Below are the records; copy every line in them that holds the string "True".

Items from a dataset:
===
(* Let $A$ be a $*$-algebra with $*$-calculus carrying an integrable almost complex structure, $E$ a finitely generated projective holomorphic left $A$-module with holomorphic structure $\overline\partial_E$, and $\langle\,,\,\rangle:E\otimes_A\overline E\to A$ a (non-degenerate) hermitian metric. There is a unique left connection $\nabla_E$ (the Chern connection) preserving the hermitian metric with $(\pi^{0,1}\otimes\mathrm{id})\nabla_E=\overline{\partial}_E$. Writing its Christoffel matrix as $\Gamma=\Gamma_++\Gamma_-$ with $\Gamma_+\in M_n(\Omega^{1,0})$, $\Gamma_-\in M_n(\Omega^{0,1})$, the part $\Gamma_-$ is determined by $\overline\partial_E$ and $$-\Gamma_+=\partial g^\bullet\cdot g_\bullet+g^\bullet\,(\Gamma_-)^*\,g_\bullet,$$ where $(\Gamma_-)^*$ is the conjugate transpose, $((\Gamma_-)^* )_{ij}=((\Gamma_-)_{ji})^*$, and $\partial g^\bullet$ is applied entrywise.
   Context: Integrable almost complex structure: bimodule decomposition $\Omega^n=\oplus_{p+q=n}\Omega^{p,q}$, ${\rm d}=\partial+\overline\partial$ with $\partial:\Omega^{p,q}\to\Omega^{p+1,q}$, $\overline\partial:\Omega^{p,q}\to\Omega^{p,q+1}$, $\partial^2=\overline\partial^2=0$, $\wedge$ respecting bidegree, $*$ exchanging $\Omega^{1,0},\Omega^{0,1}$, projections $\pi^{p,q}$. Holomorphic module: $\overline\partial_E:E\to\Omega^{0,1}\otimes_AE$, $\overline\partial_E(a.e)=\overline\partial a\otimes e+a.\overline\partial_Ee$, $(\overline\partial\otimes\mathrm{id}-\mathrm{id}\wedge\overline\partial_E)\overline\partial_E=0$. Matrix formalism: fix a dual basis $e^i\in E$, $e_i\in E^\circ={}_A{\rm Hom}(E,A)$, $1\le i\le n$, with $e=\sum_i e_i(e)e^i$; $P_{ji}=e_i(e^j)$, so $P^2=P$. Christoffel symbols: $\Gamma^i_k=-(\mathrm{id}\otimes{\rm ev})(\nabla_Ee^i\otimes e_k)$, so $\nabla_Ee^i=-\Gamma^i_k\otimes e^k$, and $\Gamma_{ij}=\Gamma^i_j$; these satisfy $\Gamma P=\Gamma$. Metric: $g^{ij}=\langle e^i,\overline{e^j}\rangle$; the isomorphism $G:\overline E\to E^\circ$ with $\langle,\rangle={\rm ev}(\mathrm{id}\otimes G)$ has $G(\overline{e^i})=e_jg^{ji}$ and $G^{-1}(e_i)=\overline{g_{ij}e^j}$, normalised so that $g_{ij}P_{jk}=g_{ik}$; $g^\bullet=(g^{ij})$, $g_\bullet=(g_{ij})$, satisfying $g^{\bullet*}=g^\bullet$, $g_\bullet^*=g_\bullet$, $g^\bullet g_\bullet=P$, $g_\bullet P=g_\bullet$, $Pg^\bullet=g^\bullet$. A connection preserves the metric if ${\rm d}\langle e,\overline f\rangle=(\mathrm{id}\otimes\langle,\rangle)(\nabla_Ee\otimes\overline f)+(\langle,\rangle\otimes\mathrm{id})(e\otimes\tilde\nabla\overline f)$ with $\tilde\nabla(\overline f)=\overline g\otimes\kappa^*$ when $\nabla_Ef=\kappa\otimes g$. *)

theory Defs
  imports Main
begin

(* Data of a *-algebra A (type 'a) with a *-differential calculus,    *)
(* truncated at degree 2: Omega^1 (type 'w) and Omega^2 (type 'v),    *)
(* together with the bidegree projections of an almost complex        *)
(* structure.                                                          *)

record ('a, 'w, 'v) calc =
  astar :: "'a \<Rightarrow> 'a"
  lw    :: "'a \<Rightarrow> 'w \<Rightarrow> 'w"
  rw    :: "'w \<Rightarrow> 'a \<Rightarrow> 'w"
  dd    :: "'a \<Rightarrow> 'w"
  wstar :: "'w \<Rightarrow> 'w"
  lv    :: "'a \<Rightarrow> 'v \<Rightarrow> 'v"
  rv    :: "'v \<Rightarrow> 'a \<Rightarrow> 'v"
  wedge :: "'w \<Rightarrow> 'w \<Rightarrow> 'v"
  dd1   :: "'w \<Rightarrow> 'v"
  vstar :: "'v \<Rightarrow> 'v"
  p10   :: "'w \<Rightarrow> 'w"
  p01   :: "'w \<Rightarrow> 'w"
  q20   :: "'v \<Rightarrow> 'v"
  q11   :: "'v \<Rightarrow> 'v"
  q02   :: "'v \<Rightarrow> 'v"

definition addit :: "('x::ab_group_add \<Rightarrow> 'y::ab_group_add) \<Rightarrow> bool" where
  "addit f \<longleftrightarrow> (\<forall>x y. f (x + y) = f x + f y)"

definition leftmod :: "('a::ring_1 \<Rightarrow> 'm::ab_group_add \<Rightarrow> 'm) \<Rightarrow> bool" where
  "leftmod l \<longleftrightarrow>
     (\<forall>a b x. l (a * b) x = l a (l b x)) \<and> (\<forall>x. l 1 x = x) \<and>
     (\<forall>a b x. l (a + b) x = l a x + l b x) \<and> (\<forall>a x y. l a (x + y) = l a x + l a y)"

definition bimod :: "('a::ring_1 \<Rightarrow> 'm::ab_group_add \<Rightarrow> 'm) \<Rightarrow> ('m \<Rightarrow> 'a \<Rightarrow> 'm) \<Rightarrow> bool" where
  "bimod l r \<longleftrightarrow> leftmod l \<and>
     (\<forall>a b x. r x (a * b) = r (r x a) b) \<and> (\<forall>x. r x 1 = x) \<and>
     (\<forall>a b x. r x (a + b) = r x a + r x b) \<and> (\<forall>a x y. r (x + y) a = r x a + r y a) \<and>
     (\<forall>a x b. r (l a x) b = l a (r x b))"

definition bimod_map :: "('a::ring_1 \<Rightarrow> 'm::ab_group_add \<Rightarrow> 'm) \<Rightarrow> ('m \<Rightarrow> 'a \<Rightarrow> 'm) \<Rightarrow> ('m \<Rightarrow> 'm) \<Rightarrow> bool" where
  "bimod_map l r f \<longleftrightarrow> addit f \<and> (\<forall>a x. f (l a x) = l a (f x)) \<and> (\<forall>a x. f (r x a) = r (f x) a)"

definition star_algebra :: "('a::ring_1 \<Rightarrow> 'a) \<Rightarrow> bool" where
  "star_algebra s \<longleftrightarrow> (\<forall>a b. s (a + b) = s a + s b) \<and> (\<forall>a b. s (a * b) = s b * s a) \<and>
     (\<forall>a. s (s a) = a)"

(* A *-algebra with *-differential calculus (degrees 0,1,2), generated in degrees 0 and 1 *)
definition star_calculus :: "('a::ring_1, 'w::ab_group_add, 'v::ab_group_add) calc \<Rightarrow> bool" where
  "star_calculus C \<longleftrightarrow>
     star_algebra (astar C) \<and> bimod (lw C) (rw C) \<and> bimod (lv C) (rv C) \<and>
     addit (dd C) \<and>
     (\<forall>a b. dd C (a * b) = rw C (dd C a) b + lw C a (dd C b)) \<and>
     (\<forall>\<xi>. \<exists>xs. \<xi> = sum_list (map (\<lambda>(a, b). lw C a (dd C b)) xs)) \<and>
     (\<forall>\<xi> \<xi>' \<eta>. wedge C (\<xi> + \<xi>') \<eta> = wedge C \<xi> \<eta> + wedge C \<xi>' \<eta>) \<and>
     (\<forall>\<xi> \<eta> \<eta>'. wedge C \<xi> (\<eta> + \<eta>') = wedge C \<xi> \<eta> + wedge C \<xi> \<eta>') \<and>
     (\<forall>a \<xi> \<eta>. wedge C (lw C a \<xi>) \<eta> = lv C a (wedge C \<xi> \<eta>)) \<and>
     (\<forall>a \<xi> \<eta>. wedge C (rw C \<xi> a) \<eta> = wedge C \<xi> (lw C a \<eta>)) \<and>
     (\<forall>a \<xi> \<eta>. wedge C \<xi> (rw C \<eta> a) = rv C (wedge C \<xi> \<eta>) a) \<and>
     (\<forall>\<omega>. \<exists>xs. \<omega> = sum_list (map (\<lambda>(\<xi>, \<eta>). wedge C \<xi> \<eta>) xs)) \<and>
     addit (dd1 C) \<and>
     (\<forall>a. dd1 C (dd C a) = 0) \<and>
     (\<forall>a \<xi>. dd1 C (lw C a \<xi>) = wedge C (dd C a) \<xi> + lv C a (dd1 C \<xi>)) \<and>
     (\<forall>a \<xi>. dd1 C (rw C \<xi> a) = rv C (dd1 C \<xi>) a - wedge C \<xi> (dd C a)) \<and>
     addit (wstar C) \<and> (\<forall>\<xi>. wstar C (wstar C \<xi>) = \<xi>) \<and>
     (\<forall>a \<xi>. wstar C (lw C a \<xi>) = rw C (wstar C \<xi>) (astar C a)) \<and>
     (\<forall>a \<xi>. wstar C (rw C \<xi> a) = lw C (astar C a) (wstar C \<xi>)) \<and>
     (\<forall>a. wstar C (dd C a) = dd C (astar C a)) \<and>
     addit (vstar C) \<and> (\<forall>\<omega>. vstar C (vstar C \<omega>) = \<omega>) \<and>
     (\<forall>a \<omega>. vstar C (lv C a \<omega>) = rv C (vstar C \<omega>) (astar C a)) \<and>
     (\<forall>a \<omega>. vstar C (rv C \<omega> a) = lv C (astar C a) (vstar C \<omega>)) \<and>
     (\<forall>\<xi> \<eta>. vstar C (wedge C \<xi> \<eta>) = - wedge C (wstar C \<eta>) (wstar C \<xi>)) \<and>
     (\<forall>\<xi>. vstar C (dd1 C \<xi>) = dd1 C (wstar C \<xi>))"
lemma root_law_Suc:
  assumes "k \<ge> 1" "0 \<le> p" "p \<le> 1"
  shows "root_law k p (Suc n) f
       = (\<Sum>i\<le>n. split_prob n i * node_law k p (root_law k p i) (root_law k p (n - i)) f)"
proof -
  define U where "U j g = (\<Sum>t\<in>trees j. pmf (val_pmf k p t) g)" for j g
  have U: "U j = (\<lambda>g. real (catalan j) * root_law k p j g)" for j
    using catalan_pos[of j] by (auto simp: U_def root_law_eq)
  have "U (Suc n) f = (\<Sum>i\<le>n. \<Sum>l\<in>trees i. \<Sum>r\<in>trees (n - i). pmf (val_pmf k p (Nd l r)) f)"
    unfolding U_def by (rule sum_trees_Suc)
  also have "\<dots> = (\<Sum>i\<le>n. node_law k p (U i) (U (n - i)) f)"
    unfolding pmf_val_pmf_Nd[OF assms] U_def[abs_def]
    by (simp add: node_law_sum_sum finite_trees)
  also have "\<dots> = (\<Sum>i\<le>n. real (catalan i) * real (catalan (n - i))
                     * node_law k p (root_law k p i) (root_law k p (n - i)) f)"
    unfolding U node_law_scale ..
  finally show ?thesis
    using catalan_pos[of "Suc n"]
    by (simp add: root_law_eq[of _ _ "Suc n"] U_def[symmetric] split_prob_def sum_divide_distrib)
qed

section \<open>Contraction and convergence\<close>

text \<open>Doeblin's argument: a stochastic matrix all of whose rows give mass at least \<open>\<beta>\<close> to a
  common state \<open>a\<close> contracts the \<open>\<ell>\<^sub>1\<close> norm of mass-zero vectors by \<open>1 - \<beta>\<close>, because
  subtracting \<open>\<beta>\<close> from column \<open>a\<close> leaves a nonnegative matrix and does not change the product.\<close>

lemma doeblin_contraction:
  fixes K :: "'a \<Rightarrow> 'a \<Rightarrow> real"
  assumes A: "finite A" "a \<in> A"
    and K_nonneg: "\<And>x y. x \<in> A \<Longrightarrow> 0 \<le> K x y"
    and K_sum: "\<And>x. x \<in> A \<Longrightarrow> (\<Sum>y\<in>A. K x y) = 1"
    and K_a: "\<And>x. x \<in> A \<Longrightarrow> \<beta> \<le> K x a"
    and d: "(\<Sum>x\<in>A. d x) = 0"
  shows "(\<Sum>y\<in>A. \<bar>\<Sum>x\<in>A. d x * K x y\<bar>) \<le> (1 - \<beta>) * (\<Sum>x\<in>A. \<bar>d x\<bar>)"
proof -
  define K' where "K' x y = K x y - (if y = a then \<beta> else 0)" for x y
  have K'_nonneg: "0 \<le> K' x y" if "x \<in> A" for x y
    using K_nonneg[OF that] K_a[OF that] by (simp add: K'_def)
  have K'_sum: "(\<Sum>y\<in>A. K' x y) = 1 - \<beta>" if "x \<in> A" for x
    using K_sum[OF that] A by (simp add: K'_def sum_subtractf)
  have same: "(\<Sum>x\<in>A. d x * K x y) = (\<Sum>x\<in>A. d x * K' x y)" for y
  proof -
    have "d x * K x y = d x * K' x y + (if y = a then \<beta> else 0) * d x" for x
      by (simp add: K'_def algebra_simps)
    then have "(\<Sum>x\<in>A. d x * K x y) = (\<Sum>x\<in>A. d x * K' x y) + (if y = a then \<beta> else 0) * (\<Sum>x\<in>A. d x)"
      by (simp only: sum.distrib sum_distrib_left)
    then show ?thesis using d by simp
  qed
  have "(\<Sum>y\<in>A. \<bar>\<Sum>x\<in>A. d x * K x y\<bar>) \<le> (\<Sum>y\<in>A. \<Sum>x\<in>A. \<bar>d x\<bar> * K' x y)"
    unfolding same
    by (intro sum_mono order.trans[OF sum_abs]) (simp add: abs_mult K'_nonneg)
  also have "\<dots> = (\<Sum>x\<in>A. \<bar>d x\<bar> * (1 - \<beta>))"
    by (subst sum.swap) (simp add: sum_distrib_left[symmetric] K'_sum)
  finally show ?thesis
    by (simp add: sum_distrib_left mult.commute)
qed

lemma abs_mult_diff_le:
  fixes a b x y :: real
  assumes "0 \<le> x" "0 \<le> b"
  shows "\<bar>a * x - b * y\<bar> \<le> \<bar>a - b\<bar> * x + b * \<bar>x - y\<bar>"
proof -
  have "a * x - b * y = (a - b) * x + b * (x - y)"
    by (simp add: algebra_simps)
  then show ?thesis
    using abs_triangle_ineq[of "(a - b) * x" "b * (x - y)"] assms by (simp add: abs_mult)
qed

lemma decseq_tendsto_0_by_contraction:
  fixes D :: "nat \<Rightarrow> real" and c C :: real
  assumes D: "decseq D" "\<And>N. 0 \<le> D N" and c: "0 < c"
    and step: "\<And>\<epsilon>. 0 < \<epsilon> \<Longrightarrow> \<exists>M. \<forall>\<^sub>F N in sequentially. D (Suc N) \<le> C * \<epsilon> + (1 - c + C * \<epsilon>) * D (N - M)"
  shows "D \<longlonglongrightarrow> 0"
proof -
  obtain L where L: "D \<longlonglongrightarrow> L"
    using decseq_convergent[OF D(1), of 0] D(2) by (metis le_less)
  have L_nonneg: "0 \<le> L"
    by (rule LIMSEQ_le_const[OF L]) (use D(2) in auto)
  have bound: "c * L \<le> C * (1 + L) * \<epsilon>" if \<epsilon>: "0 < \<epsilon>" for \<epsilon>
  proof -
    obtain M where "\<forall>\<^sub>F N in sequentially. D (Suc N) \<le> C * \<epsilon> + (1 - c + C * \<epsilon>) * D (N - M)"
      using step[OF \<epsilon>] by blast
    moreover have "(\<lambda>N. D (Suc N)) \<longlonglongrightarrow> L" "(\<lambda>N. C * \<epsilon> + (1 - c + C * \<epsilon>) * D (N - M)) \<longlonglongrightarrow> C * \<epsilon> + (1 - c + C * \<epsilon>) * L"
      using L by (auto intro!: tendsto_intros LIMSEQ_shift_back simp: LIMSEQ_Suc)
    ultimately have "L \<le> C * \<epsilon> + (1 - c + C * \<epsilon>) * L"
      by (auto intro: tendsto_le[OF sequentially_bot])
    then show ?thesis by (simp add: algebra_simps)
  qed
  have "(\<lambda>j. C * (1 + L) * inverse (real (Suc j))) \<longlonglongrightarrow> C * (1 + L) * 0"
    by (intro tendsto_mult tendsto_const LIMSEQ_inverse_real_of_nat)
  then have "(\<lambda>j. C * (1 + L) * inverse (real (Suc j))) \<longlonglongrightarrow> 0"
    by simp
  then have "c * L \<le> 0"
    by (rule LIMSEQ_le_const) (use bound in simp)
  then have "L = 0"
    using c L_nonneg by (simp add: mult_le_0_iff)
  then show ?thesis using L by simp
qed
lemma A2_energy_le:
  assumes "\<beta> > -1"
    and F: "F holomorphic_on ball 0 1" and G1: "G1 holomorphic_on ball 0 1"
    and G2: "G2 holomorphic_on ball 0 1" and ab: "0 \<le> a" "0 \<le> b"
    and le: "\<And>z. z \<in> ball 0 1 \<Longrightarrow> (cmod (F z))\<^sup>2 \<le> a * (cmod (G1 z))\<^sup>2 + b * (cmod (G2 z))\<^sup>2"
  shows "A2_energy \<beta> F \<le> ennreal a * A2_energy \<beta> G1 + ennreal b * A2_energy \<beta> G2"
proof -
  define W where "W s = ennreal (indicator {0<..<1} s * bergman_density \<beta> s)" for s
  have [measurable]: "W \<in> borel_measurable borel"
    unfolding W_def by measurable
  have "A2_energy \<beta> F = (\<integral>\<^sup>+ s. W s * coeff_sq_series F s \<partial>lborel)"
    unfolding W_def by (rule A2_energy_eq_nn_integral[OF assms(1)])
  also have "\<dots> \<le> (\<integral>\<^sup>+ s. ennreal a * (W s * coeff_sq_series G1 s)
      + ennreal b * (W s * coeff_sq_series G2 s) \<partial>lborel)"
  proof (rule nn_integral_mono)
    fix s :: real
    show "W s * coeff_sq_series F s
        \<le> ennreal a * (W s * coeff_sq_series G1 s) + ennreal b * (W s * coeff_sq_series G2 s)"
    proof (cases "s \<in> {0<..<1}")
      case True
      have "W s * coeff_sq_series F s
          \<le> W s * (ennreal a * coeff_sq_series G1 s + ennreal b * coeff_sq_series G2 s)"
        using True by (intro mult_left_mono coeff_sq_series_le[OF F G1 G2 ab _ _ le]) auto
      then show ?thesis
        by (simp add: distrib_left mult_ac)
    qed (simp add: W_def)
  qed
  also have "\<dots> = ennreal a * A2_energy \<beta> G1 + ennreal b * A2_energy \<beta> G2"
    unfolding A2_energy_eq_nn_integral[OF assms(1)] W_def[symmetric]
    by (simp add: nn_integral_add nn_integral_cmult)
  finally show ?thesis .
qed

lemma A2_energy_le_mult:
  assumes "\<beta> > -1" "F holomorphic_on ball 0 1" "G holomorphic_on ball 0 1" "0 \<le> M"
    and "\<And>z. z \<in> ball 0 1 \<Longrightarrow> cmod (F z) \<le> M * cmod (G z)"
  shows "A2_energy \<beta> F \<le> ennreal (M\<^sup>2) * A2_energy \<beta> G"
proof -
  have "(cmod (F z))\<^sup>2 \<le> M\<^sup>2 * (cmod (G z))\<^sup>2 + 0 * (cmod (G z))\<^sup>2" if "z \<in> ball 0 1" for z
    using power_mono[OF assms(5)[OF that] norm_ge_zero, of 2] by (simp add: power_mult_distrib)
  from A2_energy_le[OF assms(1-3) assms(3) _ _ this] show ?thesis
    by simp
qed

lemma norm_add_sq_le:
  fixes x y :: "'a::real_normed_vector"
  shows "(norm (x + y))\<^sup>2 \<le> 2 * (norm x)\<^sup>2 + 2 * (norm y)\<^sup>2"
proof -
  have "(norm (x + y))\<^sup>2 \<le> (norm x + norm y)\<^sup>2"
    by (intro power_mono norm_triangle_ineq) auto
  also have "\<dots> \<le> 2 * (norm x)\<^sup>2 + 2 * (norm y)\<^sup>2"
    using sum_squares_ge_zero[of "norm x - norm y" 0] by (simp add: power2_eq_square algebra_simps)
  finally show ?thesis .
qed

lemma A2_energy_add_le:
  assumes "\<beta> > -1" "F holomorphic_on ball 0 1" "G holomorphic_on ball 0 1"
  shows "A2_energy \<beta> (\<lambda>z. F z + G z) \<le> 2 * A2_energy \<beta> F + 2 * A2_energy \<beta> G"
  using A2_energy_le[OF assms(1) _ assms(2,3), of _ 2 2] assms(2,3)
  by (simp add: norm_add_sq_le holomorphic_on_add)

lemma A2_diff:
  assumes "\<beta> > -1" "F \<in> A2 \<beta>" "G \<in> A2 \<beta>"
  shows "(\<lambda>z. F z - G z) \<in> A2 \<beta>"
proof -
  have hol: "F holomorphic_on ball 0 1" "G holomorphic_on ball 0 1"
    and fin: "A2_energy \<beta> F < \<infinity>" "A2_energy \<beta> G < \<infinity>"
    using assms A2_iff_energy_finite by blast+
  have "(cmod (F z - G z))\<^sup>2 \<le> 2 * (cmod (F z))\<^sup>2 + 2 * (cmod (G z))\<^sup>2" for z
    using norm_add_sq_le[of "F z" "- G z"] by simp
  then have "A2_energy \<beta> (\<lambda>z. F z - G z) \<le> 2 * A2_energy \<beta> F + 2 * A2_energy \<beta> G"
    using A2_energy_le[OF assms(1) _ hol, of _ 2 2] hol by (simp add: holomorphic_on_diff)
  also have "\<dots> < \<infinity>"
    using fin by (simp add: ennreal_mult_less_top)
  finally show ?thesis
    using A2_iff_energy_finite[OF assms(1)] hol by (blast intro: holomorphic_on_diff)
qed

lemma A2_mult_bounded:
  assumes "\<beta> > -1" "F \<in> A2 \<beta>" "v holomorphic_on ball 0 1"
    and bound: "\<And>z. z \<in> ball 0 1 \<Longrightarrow> cmod (v z) \<le> M"
  shows "(\<lambda>z. v z * F z) \<in> A2 \<beta>"
proof -
  have F: "F holomorphic_on ball 0 1" and fin: "A2_energy \<beta> F < \<infinity>"
    using assms(1,2) A2_iff_energy_finite by blast+
  have vF: "(\<lambda>z. v z * F z) holomorphic_on ball 0 1"
    using assms(3) F by (rule holomorphic_on_mult)
  have "0 \<le> M"
    using order_trans[OF norm_ge_zero bound[of 0]] by simp
  then have "A2_energy \<beta> (\<lambda>z. v z * F z) \<le> ennreal (M\<^sup>2) * A2_energy \<beta> F"
    by (intro A2_energy_le_mult[OF assms(1) vF F]) (auto simp: norm_mult intro!: mult_right_mono bound)
  also have "\<dots> < \<infinity>"
    using fin by (simp add: ennreal_mult_less_top)
  finally show ?thesis
    using A2_iff_energy_finite[OF assms(1)] vF by blast
qed

lemma coeff_sq_series_mult_tendsto_zero:
  assumes F: "F holomorphic_on ball 0 1"
    and v: "\<And>N. v N holomorphic_on ball 0 1"
    and bound: "\<And>N z. z \<in> ball 0 1 \<Longrightarrow> cmod (v N z) \<le> M"
    and lim: "\<And>z. z \<in> ball 0 1 \<Longrightarrow> (\<lambda>N. v N z) \<longlonglongrightarrow> 0"
    and s: "0 \<le> s" "s < 1"
  shows "(\<lambda>N. coeff_sq_series (\<lambda>z. v N z * F z) s) \<longlonglongrightarrow> 0"
proof -
  define r where "r = sqrt s"
  have r: "0 \<le> r" "r < 1"
    using s by (auto simp: r_def real_sqrt_lt_1_iff)
  have circle: "of_real r * cis t \<in> cball 0 r \<inter> ball 0 1" for t
    using r by (simp add: norm_mult)
  have "compact (F ` cball 0 r)"
    using r by (intro compact_continuous_image holomorphic_on_imp_continuous_on
        holomorphic_on_subset[OF F]) auto
  then obtain B where B: "\<And>w. w \<in> cball 0 r \<Longrightarrow> cmod (F w) \<le> B"
    unfolding bounded_iff[symmetric] by (meson compact_imp_bounded image_eqI bounded_iff)
  have vF: "(\<lambda>w. v N w * F w) holomorphic_on ball 0 1" for N
    by (intro holomorphic_on_mult v F)
  have "(\<lambda>N. circle_sq_mean (\<lambda>w. v N w * F w) r) \<longlonglongrightarrow> circle_sq_mean (\<lambda>_. 0) r"
  proof (rule circle_sq_mean_tendsto[OF vF _ r])
    show "cmod (v N (of_real r * cis t) * F (of_real r * cis t)) \<le> M * B" for N t
      using circle[of t] order_trans[OF norm_ge_zero bound[of 0 N]]
      unfolding norm_mult by (intro mult_mono bound B) auto
    show "(\<lambda>N. v N (of_real r * cis t) * F (of_real r * cis t)) \<longlonglongrightarrow> 0" for t
      using circle[of t] by (intro tendsto_mult_left_zero lim) auto
  qed auto
  then show ?thesis
    using coeff_sq_series_eq_circle_sq_mean[OF vF s] circle_sq_mean_const[of 0 r]
    by (simp add: r_def)
qed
===
◆ **Reply**
      case True
        using True by (intro mult_left_mono coeff_sq_series_le[OF F G1 G2 ab _ _ le]) auto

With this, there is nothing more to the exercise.